In many states and many districts, they are firing a ridiculous amount of teachers for these very same reasons. Its why many of my friends are getting out of teaching. The states say that we should run educational institutions like a business but they don’t give us the materials to do what we need to do and then fire everyone under 3 years in May and June so that you wait 3 months to find out if you get your job back. There is no other business in the world where that would happen. So clearly, the business model of education isn’t working so well. People have forgotten that teaching isn’t a trade. They’ve forgotten the impact that a teacher has on their students. They have also forgotten that we get no overtime and spend more time doing work at home than just about any other profession I can think of. Teachers often work in the summer so that we can afford our bills.
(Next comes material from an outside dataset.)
(* Let $\pi/2\le\alpha<\pi$ and $\Omega_\alpha=\{w:\ \frac{\alpha-\pi}{2\sin\alpha}<\mathrm{Re}\,w<\frac{\alpha}{2\sin\alpha}\}$. Let $f=h+\overline{g}\in\mathcal{S}_H^0$ map $\mathbb{D}$ onto $\Omega_\alpha$, with dilatation $\omega=g'/h'=b^2$ where $b(z)=\varepsilon z$, $\varepsilon\in\{1,-1\}$. Let $S$ be the minimal surface over $\Omega_\alpha$ with projection $f$, i.e. $S=\{(u(z),v(z),F(z)):z\in\mathbb{D}\}$ with $u=\mathrm{Re}\,f$, $v=\mathrm{Im}\,f$, $F(z)=\mathrm{Re}\int_0^z2ib(t)h'(t)\,dt+c$, $c\in\mathbb{R}$. Then $$u=\frac{1}{2\sin\alpha}\mathrm{Im}\left[\log\left(\frac{1+ze^{i\alpha}}{1+ze^{-i\alpha}}\right)\right],$$ $$v=\begin{cases}\mathrm{Im}\left(\dfrac{z}{z^2+1}\right)&\text{if }\alpha=\pi/2,\\[2mm] \dfrac{1}{2\cos\alpha}\mathrm{Im}\left[\log\left(\dfrac{(1+ze^{i\alpha})(1+ze^{-i\alpha})}{z^2+1}\right)\right]&\text{if }\pi/2<\alpha<\pi,\end{cases}$$ $$F=\begin{cases}\pm\mathrm{Im}\left(\dfrac{1}{z^2+1}\right)+c&\text{if }\alpha=\pi/2,\\[2mm] \pm\mathrm{Re}\left[\dfrac{1}{2\cos\alpha}\log\left(\dfrac{z+i}{z-i}\right)-\dfrac{1}{\sin2\alpha}\log\left(\dfrac{z+e^{i\alpha}}{z+e^{-i\alpha}}\right)\right]+c&\text{if }\pi/2<\alpha<\pi,\end{cases}$$ where the sign $\pm$ corresponds to $\varepsilon$ and $c$ is a real constant.
   Context: $\mathbb{D}$ is the unit disk. A harmonic mapping $f=h+\overline g$ ($h,g$ analytic on $\mathbb{D}$) is sense-preserving if $h'\ne0$ and its dilatation $\omega=g'/h'$ satisfies $|\omega|<1$. $\mathcal{S}_H^0$ is the class of sense-preserving univalent harmonic mappings $f=h+\overline g$ on $\mathbb{D}$ with $h(0)=g(0)=0$, $h'(0)=1$, $g'(0)=0$. Minimal surface with projection $f$ (Weierstrass–Enneper): $S=\{(\mathrm{Re}\int_0^z\phi_1+c_1,\mathrm{Re}\int_0^z\phi_2+c_2,\mathrm{Re}\int_0^z\phi_3+c_3)\}$ with $\phi_j$ analytic, $\phi_1^2+\phi_2^2+\phi_3^2=0$, $f=\mathrm{Re}\int_0^z\phi_1+i\,\mathrm{Re}\int_0^z\phi_2$ univalent sense-preserving harmonic onto the domain; for $\omega=b^2$, $b(z)=\pm z$, one has $\phi_1=h'+g'$, $\phi_2=-i(h'-g')$, $\phi_3=2ibh'$. Logarithms denote analytic branches on $\mathbb{D}$. *)

theory Defs
  imports "HOL-Complex_Analysis.Complex_Analysis"
begin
We do this because teaching is a calling and we love what we do. The people running the schools right now seem to have forgotten that regardless of low pay, little thanks, and a crazy amount of hours, we LOVE what we do. It is sad to me and I wish that teachers had some say in what happened in policy. The people who make the policy have often never been in a classroom as a teacher and therefore don’t know what really goes on. This is the state of education in this country right now. I love my kids and it makes me sad for them. (They’re cute. I got a couple of letters, a card, and necklace today from various kids. They’re sending me emails and checking in already and school just ended today. 🙂 )

I don’t know what will happen next year. I assume that most of the stuff I did will fall away and be forgotten by all except for those who were involved. I was reading Neil Gaiman’s blog (as I often do) and I agree with him: personal tragedy is not the best inspiration. And this is a personal tragedy, as anyone who loved their job and was handed a pink slip (which strangely, is white) will tell you. In this economy, I have little choice and few prospects. I will most likely spend time collecting unemployment, which is a blow to my pride as someone who has always been incredibly independent and always wants to stand on my own two feet. I know that I will land on my feet eventually. I am like a cat in both my curiosity and my ability to make things work. I just hate the fact that at the moment the ground where I can land seems rather far away. The situation is what it is. I’m sure that something will come along eventually. Meanwhile, I have student loans to pay off and car payments to make. Guess it’s time to tighten the belt again.